----- Given records

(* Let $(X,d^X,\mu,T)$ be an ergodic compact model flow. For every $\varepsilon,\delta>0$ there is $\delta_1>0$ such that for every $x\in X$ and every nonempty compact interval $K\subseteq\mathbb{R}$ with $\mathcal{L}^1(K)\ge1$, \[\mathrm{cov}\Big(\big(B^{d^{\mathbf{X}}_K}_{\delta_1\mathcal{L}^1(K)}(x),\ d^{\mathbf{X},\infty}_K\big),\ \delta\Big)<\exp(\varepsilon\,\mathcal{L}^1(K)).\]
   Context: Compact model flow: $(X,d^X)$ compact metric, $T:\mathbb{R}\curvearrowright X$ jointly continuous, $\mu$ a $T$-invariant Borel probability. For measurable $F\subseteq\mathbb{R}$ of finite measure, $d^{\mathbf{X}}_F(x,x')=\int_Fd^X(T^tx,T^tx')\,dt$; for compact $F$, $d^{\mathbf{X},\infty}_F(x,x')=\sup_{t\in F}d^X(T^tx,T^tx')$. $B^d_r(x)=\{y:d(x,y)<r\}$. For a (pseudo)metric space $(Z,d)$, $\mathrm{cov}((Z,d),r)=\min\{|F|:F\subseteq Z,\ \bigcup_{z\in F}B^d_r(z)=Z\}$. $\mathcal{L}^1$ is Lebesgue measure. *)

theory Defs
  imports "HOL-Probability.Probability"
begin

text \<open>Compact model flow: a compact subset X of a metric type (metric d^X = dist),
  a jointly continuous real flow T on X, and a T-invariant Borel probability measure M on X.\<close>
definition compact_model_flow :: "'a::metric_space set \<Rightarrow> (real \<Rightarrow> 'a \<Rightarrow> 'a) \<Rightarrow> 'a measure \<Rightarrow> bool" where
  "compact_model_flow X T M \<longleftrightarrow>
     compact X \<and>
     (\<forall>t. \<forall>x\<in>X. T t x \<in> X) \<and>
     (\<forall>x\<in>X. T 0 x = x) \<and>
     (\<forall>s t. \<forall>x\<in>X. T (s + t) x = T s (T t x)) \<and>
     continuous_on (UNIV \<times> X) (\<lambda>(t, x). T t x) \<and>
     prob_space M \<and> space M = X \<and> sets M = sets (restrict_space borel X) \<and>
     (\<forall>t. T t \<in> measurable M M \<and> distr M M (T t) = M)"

----------

Task instructions: With the line containing "Context: Compact model" as the start, transcribe each line through the end of the listing above, exactly and only.

Solution below:
   Context: Compact model flow: $(X,d^X)$ compact metric, $T:\mathbb{R}\curvearrowright X$ jointly continuous, $\mu$ a $T$-invariant Borel probability. For measurable $F\subseteq\mathbb{R}$ of finite measure, $d^{\mathbf{X}}_F(x,x')=\int_Fd^X(T^tx,T^tx')\,dt$; for compact $F$, $d^{\mathbf{X},\infty}_F(x,x')=\sup_{t\in F}d^X(T^tx,T^tx')$. $B^d_r(x)=\{y:d(x,y)<r\}$. For a (pseudo)metric space $(Z,d)$, $\mathrm{cov}((Z,d),r)=\min\{|F|:F\subseteq Z,\ \bigcup_{z\in F}B^d_r(z)=Z\}$. $\mathcal{L}^1$ is Lebesgue measure. *)

theory Defs
  imports "HOL-Probability.Probability"
begin

text \<open>Compact model flow: a compact subset X of a metric type (metric d^X = dist),
  a jointly continuous real flow T on X, and a T-invariant Borel probability measure M on X.\<close>
definition compact_model_flow :: "'a::metric_space set \<Rightarrow> (real \<Rightarrow> 'a \<Rightarrow> 'a) \<Rightarrow> 'a measure \<Rightarrow> bool" where
  "compact_model_flow X T M \<longleftrightarrow>
     compact X \<and>
     (\<forall>t. \<forall>x\<in>X. T t x \<in> X) \<and>
     (\<forall>x\<in>X. T 0 x = x) \<and>
     (\<forall>s t. \<forall>x\<in>X. T (s + t) x = T s (T t x)) \<and>
     continuous_on (UNIV \<times> X) (\<lambda>(t, x). T t x) \<and>
     prob_space M \<and> space M = X \<and> sets M = sets (restrict_space borel X) \<and>
     (\<forall>t. T t \<in> measurable M M \<and> distr M M (T t) = M)"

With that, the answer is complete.